Андалузский пёс / Un chien andalou (1929)

Андалузский пёс / Un chien andalou (1929): постерКороткометражный фильм.

Другие названия: «Андалусский пёс» (Россия: вариант перевода названия), «Андалузский пёс» / «An Andalusian Dog» (международное англоязычное название).

Франция.

Продолжительность 16 минут.

Режиссёр Луис Бунюэль.

Авторы сценария Сальвадор Дали, Луис Бунюэль.

Подбор музыки Луис Бунюэль (для версии 1960-го).

Операторы Альбер Дювержер, Джимми Берлье (без указания в титрах).

Жанр: кинофантазия

Краткое содержание
Давным-давно, в один прекрасный день элегантный мужчина средних лет (Луис Бунюэль), обстоятельно заточив лезвие бритвы и полюбовавшись полной Луной, перерезает глаз милой девушке, сидящей в кресле… Так начинается эта мрачноватая кинофантазия — поток причудливых сюрреалистических образов, которые с равным успехом могут нести в себе глубочайший смысл и не значить ничего, иметь непосредственное отношение к подлинной действительности или же быть плодом воображения.

Также в ролях: Симона Морёйль (девушка), Пьер Батчефф (мужчина), Сальвадор Дали (семинарист, без указания в титрах), Роббер Омме (молодой человек, без указания в титрах), Марваль Марваль (семинарист, без указания в титрах), Фано Мессан (гермафродит, без указания в титрах), Жауме Миравиттле (полный семинарист, без указания в титрах).

Евгений Нефёдов, AllOfCinema.com

Рецензия

© Евгений Нефёдов, AllOfCinema.com, 03.05.2014

Авторская оценка 10/10

(при копировании текста активная ссылка на первоисточник обязательна)

Андалузский пёс / Un chien andalou (1929): кадр из фильма
Прообраз зомби?

Если ознакомиться с «Андалузским псом» в контексте развития киноискусства1, посмотрев в более или менее хронологическом порядке десятки картин признанных мастеров «великого немого», постановка Луиса Бунюэля покажется особенно ценной и необычайно щедрой на новаторские выразительные средства.

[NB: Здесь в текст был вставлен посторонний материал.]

text \<open>If no garbling reproduces P,
  the separating weights of the alternative form a decision problem, with the signals of P as
  actions, in which P beats the best response to R.\<close>

theorem more_informative_imp_garbling:
  fixes P :: "'s::finite \<Rightarrow> 'y \<Rightarrow> real" and R :: "'s \<Rightarrow> 'z \<Rightarrow> real"
  assumes P: "is_experiment Y P" and R: "is_experiment Z R" and mi: "more_informative Z R Y P"
  obtains K where "K \<in> strategies Z Y" "\<And>\<theta> y. y \<in> Y \<Longrightarrow> garble Z R K \<theta> y = P \<theta> y"
proof -
  have "finite Y" using P by (simp add: is_experiment_def)
  obtain y0 where "y0 \<in> Y" using P by (force simp: is_experiment_def is_dist_def)
  define X where "X = stochastic_on Z Y"
  define F where "F p K = P (fst p) (snd p) - garble Z R K (fst p) (snd p)" for p K
  have "(\<exists>K\<in>X. \<forall>p\<in>UNIV \<times> Y. F p K \<le> 0) \<or>
    (\<exists>l. (\<forall>p\<in>UNIV \<times> Y. 0 \<le> l p) \<and> sum l (UNIV \<times> Y) = 1 \<and> (\<forall>K\<in>X. 0 < (\<Sum>p\<in>UNIV \<times> Y. l p * F p K)))"
  proof (rule affine_functions_alternative[where mix = mix])
    show "compact X" "X \<noteq> {}"
      using compact_stochastic_on[OF \<open>finite Y\<close>] point_mass_in_stochastic_on[OF \<open>finite Y\<close> \<open>y0 \<in> Y\<close>]
      by (auto simp: X_def)
    show "continuous_on X (F p)" for p
      unfolding F_def garble_def by (intro continuous_intros)
    show "F p (mix t K L) = (1 - t) * F p K + t * F p L" for p t K L
      by (simp add: F_def garble_mix algebra_simps)
  qed (use \<open>finite Y\<close> in \<open>auto simp: X_def intro: mix_in_stochastic_on\<close>)
  then show ?thesis
  proof (elim disjE exE conjE bexE)
    fix K assume K: "K \<in> X" and "\<forall>p\<in>UNIV \<times> Y. F p K \<le> 0"
    then have "P \<theta> y \<le> garble Z R K \<theta> y" if "y \<in> Y" for \<theta> y
      using that by (force simp: F_def)
    moreover have "K \<in> strategies Z Y" using K by (simp add: X_def stochastic_on_def)
    moreover have "is_dist Y (garble Z R K \<theta>)" "is_dist Y (P \<theta>)" for \<theta>
      using P R garble_is_dist[of Z R \<theta> K Y] \<open>K \<in> strategies Z Y\<close> by (auto simp: is_experiment_def)
    ultimately show ?thesis
      using that is_dist_eq_if_le[OF \<open>finite Y\<close>] by metis
  next
    fix l assume pos: "\<forall>K\<in>X. 0 < (\<Sum>p\<in>UNIV \<times> Y. l p * F p K)"
    obtain K where "K \<in> X"
      and "(\<Sum>\<theta>\<in>UNIV. \<Sum>y\<in>Y. l (\<theta>, y) * P \<theta> y) \<le> (\<Sum>\<theta>\<in>UNIV. \<Sum>y\<in>Y. l (\<theta>, y) * garble Z R K \<theta> y)"
      using garble_best_response_dominates[where u = "\<lambda>\<theta> y. l (\<theta>, y)", OF mi \<open>finite Y\<close>] \<open>y0 \<in> Y\<close>
      unfolding X_def by blast
    moreover have "(\<Sum>p\<in>UNIV \<times> Y. l p * F p K)
        = (\<Sum>\<theta>\<in>UNIV. \<Sum>y\<in>Y. l (\<theta>, y) * P \<theta> y) - (\<Sum>\<theta>\<in>UNIV. \<Sum>y\<in>Y. l (\<theta>, y) * garble Z R K \<theta> y)"
      by (simp add: sum.cartesian_product F_def right_diff_distrib sum_subtractf split_def)
    moreover have "0 < (\<Sum>p\<in>UNIV \<times> Y. l p * F p K)" using pos \<open>K \<in> X\<close> by blast
    ultimately show ?thesis by linarith
  qed
qed

section \<open>Minimax over pure strategies\<close>

lemma payoff_mix:
  "payoff Y (mix t Q Q') A u \<sigma> = (1 - t) * payoff Y Q A u \<sigma> + t * payoff Y Q' A u \<sigma>"
proof -
  have "payoff Y (mix t Q Q') A u \<sigma> = (\<Sum>\<theta>\<in>UNIV. \<Sum>y\<in>Y.
      (1 - t) * (Q \<theta> y * mixed_util A u \<theta> (\<sigma> y)) + t * (Q' \<theta> y * mixed_util A u \<theta> (\<sigma> y)))"
    unfolding payoff_def mix_def by (intro sum.cong refl) (simp add: algebra_simps)
  then show ?thesis by (simp add: payoff_def sum.distrib sum_distrib_left)
qed

lemma uniformly_good_strategy:
  fixes X :: "('s::finite \<Rightarrow> 'y \<Rightarrow> real) set"
  assumes "finite Y" "finite A" "A \<noteq> {}" "compact X" "X \<noteq> {}"
    and mix_in: "\<And>t Q Q'. 0 \<le> t \<Longrightarrow> t \<le> 1 \<Longrightarrow> Q \<in> X \<Longrightarrow> Q' \<in> X \<Longrightarrow> mix t Q Q' \<in> X"
    and good: "\<And>Q. Q \<in> X \<Longrightarrow> L \<le> best_value Y Q A u" and "0 < \<epsilon>"
  obtains \<sigma> where "\<sigma> \<in> strategies Y A" "\<And>Q. Q \<in> X \<Longrightarrow> L - \<epsilon> < payoff Y Q A u \<sigma>"
proof -
  define S where "S = PiE Y (\<lambda>_. A)"
  define F where "F s Q = payoff Y Q A u (pure_strategy s) - (L - \<epsilon>)" for s Q
  have "(\<exists>Q\<in>X. \<forall>s\<in>S. F s Q \<le> 0) \<or>
    (\<exists>l. (\<forall>s\<in>S. 0 \<le> l s) \<and> sum l S = 1 \<and> (\<forall>Q\<in>X. 0 < (\<Sum>s\<in>S. l s * F s Q)))"
  proof (rule affine_functions_alternative[where mix = mix])
    show "finite S" unfolding S_def using assms(1,2) by (rule finite_PiE)
    show "continuous_on X (F s)" for s
      unfolding F_def payoff_def by (intro continuous_intros)
  qed (use assms(4,5) in \<open>auto simp: F_def payoff_mix algebra_simps intro: mix_in\<close>)
  then show ?thesis
  proof (elim disjE exE conjE bexE)
    fix Q assume Q: "Q \<in> X" and bad: "\<forall>s\<in>S. F s Q \<le> 0"
    obtain s where s: "\<And>y. s y \<in> A" "payoff Y Q A u (pure_strategy s) = best_value Y Q A u"
      using payoff_best_response[OF assms(2,3)] by blast
    have "payoff Y Q A u (pure_strategy (restrict s Y)) = payoff Y Q A u (pure_strategy s)"
      by (intro payoff_cong) (auto simp: pure_strategy_def)
    moreover have "restrict s Y \<in> S" using s(1) by (simp add: S_def)
    ultimately show ?thesis using bad s(2) good[OF Q] \<open>0 < \<epsilon>\<close> by (fastforce simp: F_def)
  next
    fix l assume l: "\<forall>s\<in>S. 0 \<le> l s" "sum l S = 1" and pos: "\<forall>Q\<in>X. 0 < (\<Sum>s\<in>S. l s * F s Q)"
    define \<sigma> where "\<sigma> = (\<lambda>y a. \<Sum>s\<in>S. l s * pure_strategy s y a)"
    have "\<sigma> \<in> strategies Y A"
      unfolding \<sigma>_def using assms(2) l
      by (intro strategy_mixture_in_strategies pure_strategy_in_strategies) (auto simp: S_def)
    moreover have "L - \<epsilon> < payoff Y Q A u \<sigma>" if "Q \<in> X" for Q
    proof -
      have "(\<Sum>s\<in>S. l s * F s Q) = payoff Y Q A u \<sigma> - (L - \<epsilon>)"
        unfolding F_def \<sigma>_def payoff_strategy_mixture
        by (simp add: right_diff_distrib sum_subtractf l(2) flip: sum_distrib_right)
      then show ?thesis using pos that by fastforce
    qed
    ultimately show ?thesis using that by blast
  qed
qed

section \<open>Couplings\<close>

lemma PiE_fiber:
  assumes "j < m" "y \<in> Y j"
  shows "{ys \<in> PiE {..<m} Y. ys j = y} = PiE {..<m} (Y(j := {y}))"
  using assms by (auto simp: PiE_iff split: if_splits) (metis extensional_arb lessThan_iff)

lemma coupling_marginal_eq_garble:
  assumes "Q \<in> couplings m Y P" "j < m" "y \<in> Y j" "finite (PiE {..<m} Y)"
  shows "garble (PiE {..<m} Y) Q (pure_strategy (\<lambda>ys. ys j)) \<theta> y = P j \<theta> y"
proof -
  have "garble (PiE {..<m} Y) Q (pure_strategy (\<lambda>ys. ys j)) \<theta> y = (\<Sum>ys\<in>{ys \<in> PiE {..<m} Y. ys j = y}. Q \<theta> ys)"
  proof -
    have "Q \<theta> ys * pure_strategy (\<lambda>ys. ys j) ys y = (if ys j = y then Q \<theta> ys else 0)" for ys
      by (simp add: pure_strategy_def)
    then show ?thesis unfolding garble_def using assms(4) by (simp add: sum.inter_filter)
  qed
  then show ?thesis using assms(1-3) by (simp add: couplings_def)
qed

lemma coupling_is_experiment:
  "Q \<in> couplings m Y P \<Longrightarrow> \<forall>j<m. finite (Y j) \<Longrightarrow> is_experiment (PiE {..<m} Y) Q"
  by (auto simp: couplings_def is_experiment_def intro: finite_PiE)

lemma best_value_le_coupling:
  assumes "Q \<in> couplings m Y P" "\<forall>j<m. finite (Y j)" "j < m" "finite A" "A \<noteq> {}"
  shows "best_value (Y j) (P j) A u \<le> best_value (PiE {..<m} Y) Q A u"
proof -
  have "finite (PiE {..<m} Y)" using assms(2) by (intro finite_PiE) auto
  then have "best_value (Y j) (P j) A u = best_value (Y j) (garble (PiE {..<m} Y) Q (pure_strategy (\<lambda>ys. ys j))) A u"
    unfolding best_value_def signal_payoff_def using assms(1,3) by (simp add: coupling_marginal_eq_garble)
  also have "\<dots> \<le> best_value (PiE {..<m} Y) Q A u"
  proof (rule best_value_garble_le[OF assms(4,5)])
    show "pure_strategy (\<lambda>ys. ys j) \<in> strategies (PiE {..<m} Y) (Y j)"
      using assms(2,3) by (intro pure_strategy_in_strategies) (auto simp: PiE_iff)
  qed
  finally show ?thesis .
qed

lemma blackwell_sup_le_coupling:
  assumes "blackwell_sup m Y P Z R" "Q \<in> couplings m Y P" "\<forall>j<m. finite (Y j)" "finite A" "A \<noteq> {}"
  shows "best_value Z R A u \<le> best_value (PiE {..<m} Y) Q A u"
proof (rule blackwell_sup_best_value_le[OF assms(1)])
  show "is_experiment (PiE {..<m} Y) Q" using assms(2,3) by (rule coupling_is_experiment)
  show "best_value (Y j) (P j) B v \<le> best_value (PiE {..<m} Y) Q B v"
    if "j < m" "finite B" "B \<noteq> {}" for j and B :: "nat set" and v
    using best_value_le_coupling[OF assms(2,3) that] .
qed (use assms in auto)

definition prod_kernel :: "nat \<Rightarrow> (nat \<Rightarrow> 'z \<Rightarrow> 'y \<Rightarrow> real) \<Rightarrow> 'z \<Rightarrow> (nat \<Rightarrow> 'y) \<Rightarrow> real"
  where "prod_kernel m K z ys = (\<Prod>j<m. K j z (ys j))"

lemma sum_prod_kernel:
  assumes "\<And>j. j < m \<Longrightarrow> finite (Y j)"
  shows "(\<Sum>ys\<in>PiE {..<m} Y. prod_kernel m K z ys) = (\<Prod>j<m. sum (K j z) (Y j))"
  unfolding prod_kernel_def using prod_sum_PiE[of "{..<m}" Y "\<lambda>j. K j z"] assms by simp

lemma prod_kernel_in_strategies:
  assumes "\<And>j. j < m \<Longrightarrow> finite (Y j)" "\<And>j. j < m \<Longrightarrow> K j \<in> strategies Z (Y j)"
  shows "prod_kernel m K \<in> strategies Z (PiE {..<m} Y)"
  unfolding strategies_def is_dist_def
proof (intro CollectI ballI conjI)
  fix z assume "z \<in> Z"
  with assms(2) have K: "is_dist (Y j) (K j z)" if "j < m" for j
    using that by (simp add: strategies_def)
  show "0 \<le> prod_kernel m K z ys" if "ys \<in> PiE {..<m} Y" for ys
    unfolding prod_kernel_def using K that by (intro prod_nonneg) (auto simp: is_dist_def PiE_iff)
  show "sum (prod_kernel m K z) (PiE {..<m} Y) = 1"
    using K by (simp add: sum_prod_kernel[OF assms(1)] is_dist_def)
qed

В отличие от работ, скажем, Жермены Дюлак, эксперимент совсем молодого (не отметившего и тридцатилетия) дебютанта и Сальвадора Дали, его соотечественника и – на тот момент – единомышленника, отличается удивительной чёткостью и… современностью киноязыка. Если мужчина, будучи не в силах сдержать сексуальный порыв, начинает приставать к смущённой партнёрше2, то двойная экспозиция (возникающие буквально на глазах обнажённые части женского тела) используется не только для эпатажа, но в первую очередь – для предельно наглядной иллюстрации подспудных желаний. Если его дальнейшим движениям что-то мешает, то это будет – не иначе – рояль с дохлым ослом и пара вполне живых священников, которых герой вынужден тащить на толстых верёвках. Законченная монтажная фраза, смысл которой столь же ясен, сколь и изящно донесён до изумлённого зрителя!.. Разумеется, многие находки позднее оказались с благодарностью усвоены (и нередко – творчески преобразованы) последователями. Вспомним хотя бы завораживающий, снятый под необычным ракурсом – сверху, почти перпендикулярно земле – план с девушкой, с любопытством (да ещё, как выясняется, посреди огромной толпы) рассматривающей чью-то отрезанную кисть, к которому явно отсылал Дэвид Линч в завязке «Синего бархата» /1986/, где Джеффри Бомон случайно обнаружил затерянное в траве ухо. Или шокирующий пролог: если у Бунюэля разрезание яблока глаза «рифмовалось» с поэтической картиной Луны, частично застилаемой и тем самым – рассекаемой надвое облаком, то Альфред Хичкок и Роман Полански будут довольствоваться тонким намёком на предшественника, приступая (соответственно в «Завороженном» /1945/ и «Отвращении» /1965/) к собственным психоаналитическим штудиям. Однако по сей день никто не рискнул сымитировать творение великого сюрреалиста в его композиционной целостности и, главное, особой последовательности развёртывания экранных перипетий, не имеющей объяснения и вместе с тем – всё-таки не воспринимающейся набором случайных, никак не связанных и ничего не значащих сцен.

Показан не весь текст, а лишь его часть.